▶ [WORK INSTRUCTION]: An exact copy of the data below is required; return it in full.

(GIVEN RECORDS begins)

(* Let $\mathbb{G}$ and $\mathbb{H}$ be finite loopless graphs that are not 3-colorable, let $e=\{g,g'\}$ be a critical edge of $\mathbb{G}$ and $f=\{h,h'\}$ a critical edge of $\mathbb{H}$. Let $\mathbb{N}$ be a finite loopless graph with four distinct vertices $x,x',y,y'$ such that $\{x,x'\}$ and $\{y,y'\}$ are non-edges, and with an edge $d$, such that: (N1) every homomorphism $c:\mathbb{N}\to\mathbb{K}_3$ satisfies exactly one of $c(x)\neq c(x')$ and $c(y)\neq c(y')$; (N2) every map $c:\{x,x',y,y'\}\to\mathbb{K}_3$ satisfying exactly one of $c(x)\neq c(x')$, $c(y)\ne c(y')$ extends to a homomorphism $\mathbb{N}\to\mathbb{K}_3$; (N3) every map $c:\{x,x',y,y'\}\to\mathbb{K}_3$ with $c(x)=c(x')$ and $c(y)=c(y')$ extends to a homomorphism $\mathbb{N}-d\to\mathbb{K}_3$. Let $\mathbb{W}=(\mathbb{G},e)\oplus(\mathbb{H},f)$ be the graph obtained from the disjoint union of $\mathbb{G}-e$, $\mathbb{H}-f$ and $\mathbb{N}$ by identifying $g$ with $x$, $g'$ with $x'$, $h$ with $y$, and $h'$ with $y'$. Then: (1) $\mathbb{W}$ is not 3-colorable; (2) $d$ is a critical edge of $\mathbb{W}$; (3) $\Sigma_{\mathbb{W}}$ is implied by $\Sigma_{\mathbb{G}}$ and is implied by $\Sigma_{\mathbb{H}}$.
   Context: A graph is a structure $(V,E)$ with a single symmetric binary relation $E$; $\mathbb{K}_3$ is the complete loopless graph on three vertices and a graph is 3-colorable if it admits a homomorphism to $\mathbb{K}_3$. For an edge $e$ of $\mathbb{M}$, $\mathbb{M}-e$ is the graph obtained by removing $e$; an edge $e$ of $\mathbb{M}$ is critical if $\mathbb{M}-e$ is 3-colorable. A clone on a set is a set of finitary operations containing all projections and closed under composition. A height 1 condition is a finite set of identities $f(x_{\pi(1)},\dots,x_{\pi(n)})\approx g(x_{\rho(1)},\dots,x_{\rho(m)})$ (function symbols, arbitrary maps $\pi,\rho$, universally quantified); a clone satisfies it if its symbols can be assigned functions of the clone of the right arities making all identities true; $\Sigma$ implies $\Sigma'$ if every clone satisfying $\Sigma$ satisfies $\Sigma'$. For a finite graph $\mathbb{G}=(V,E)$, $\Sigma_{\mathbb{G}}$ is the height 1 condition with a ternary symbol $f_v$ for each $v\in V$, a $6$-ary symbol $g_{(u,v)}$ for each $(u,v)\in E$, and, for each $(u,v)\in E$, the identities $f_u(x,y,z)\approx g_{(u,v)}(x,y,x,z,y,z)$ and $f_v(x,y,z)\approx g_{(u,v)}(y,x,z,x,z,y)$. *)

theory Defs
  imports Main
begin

(GIVEN RECORDS ends)

▶ [ANSWER TO THIS EXERCISE]:
(* Let $\mathbb{G}$ and $\mathbb{H}$ be finite loopless graphs that are not 3-colorable, let $e=\{g,g'\}$ be a critical edge of $\mathbb{G}$ and $f=\{h,h'\}$ a critical edge of $\mathbb{H}$. Let $\mathbb{N}$ be a finite loopless graph with four distinct vertices $x,x',y,y'$ such that $\{x,x'\}$ and $\{y,y'\}$ are non-edges, and with an edge $d$, such that: (N1) every homomorphism $c:\mathbb{N}\to\mathbb{K}_3$ satisfies exactly one of $c(x)\neq c(x')$ and $c(y)\neq c(y')$; (N2) every map $c:\{x,x',y,y'\}\to\mathbb{K}_3$ satisfying exactly one of $c(x)\neq c(x')$, $c(y)\ne c(y')$ extends to a homomorphism $\mathbb{N}\to\mathbb{K}_3$; (N3) every map $c:\{x,x',y,y'\}\to\mathbb{K}_3$ with $c(x)=c(x')$ and $c(y)=c(y')$ extends to a homomorphism $\mathbb{N}-d\to\mathbb{K}_3$. Let $\mathbb{W}=(\mathbb{G},e)\oplus(\mathbb{H},f)$ be the graph obtained from the disjoint union of $\mathbb{G}-e$, $\mathbb{H}-f$ and $\mathbb{N}$ by identifying $g$ with $x$, $g'$ with $x'$, $h$ with $y$, and $h'$ with $y'$. Then: (1) $\mathbb{W}$ is not 3-colorable; (2) $d$ is a critical edge of $\mathbb{W}$; (3) $\Sigma_{\mathbb{W}}$ is implied by $\Sigma_{\mathbb{G}}$ and is implied by $\Sigma_{\mathbb{H}}$.
   Context: A graph is a structure $(V,E)$ with a single symmetric binary relation $E$; $\mathbb{K}_3$ is the complete loopless graph on three vertices and a graph is 3-colorable if it admits a homomorphism to $\mathbb{K}_3$. For an edge $e$ of $\mathbb{M}$, $\mathbb{M}-e$ is the graph obtained by removing $e$; an edge $e$ of $\mathbb{M}$ is critical if $\mathbb{M}-e$ is 3-colorable. A clone on a set is a set of finitary operations containing all projections and closed under composition. A height 1 condition is a finite set of identities $f(x_{\pi(1)},\dots,x_{\pi(n)})\approx g(x_{\rho(1)},\dots,x_{\rho(m)})$ (function symbols, arbitrary maps $\pi,\rho$, universally quantified); a clone satisfies it if its symbols can be assigned functions of the clone of the right arities making all identities true; $\Sigma$ implies $\Sigma'$ if every clone satisfying $\Sigma$ satisfies $\Sigma'$. For a finite graph $\mathbb{G}=(V,E)$, $\Sigma_{\mathbb{G}}$ is the height 1 condition with a ternary symbol $f_v$ for each $v\in V$, a $6$-ary symbol $g_{(u,v)}$ for each $(u,v)\in E$, and, for each $(u,v)\in E$, the identities $f_u(x,y,z)\approx g_{(u,v)}(x,y,x,z,y,z)$ and $f_v(x,y,z)\approx g_{(u,v)}(y,x,z,x,z,y)$. *)

theory Defs
  imports Main
begin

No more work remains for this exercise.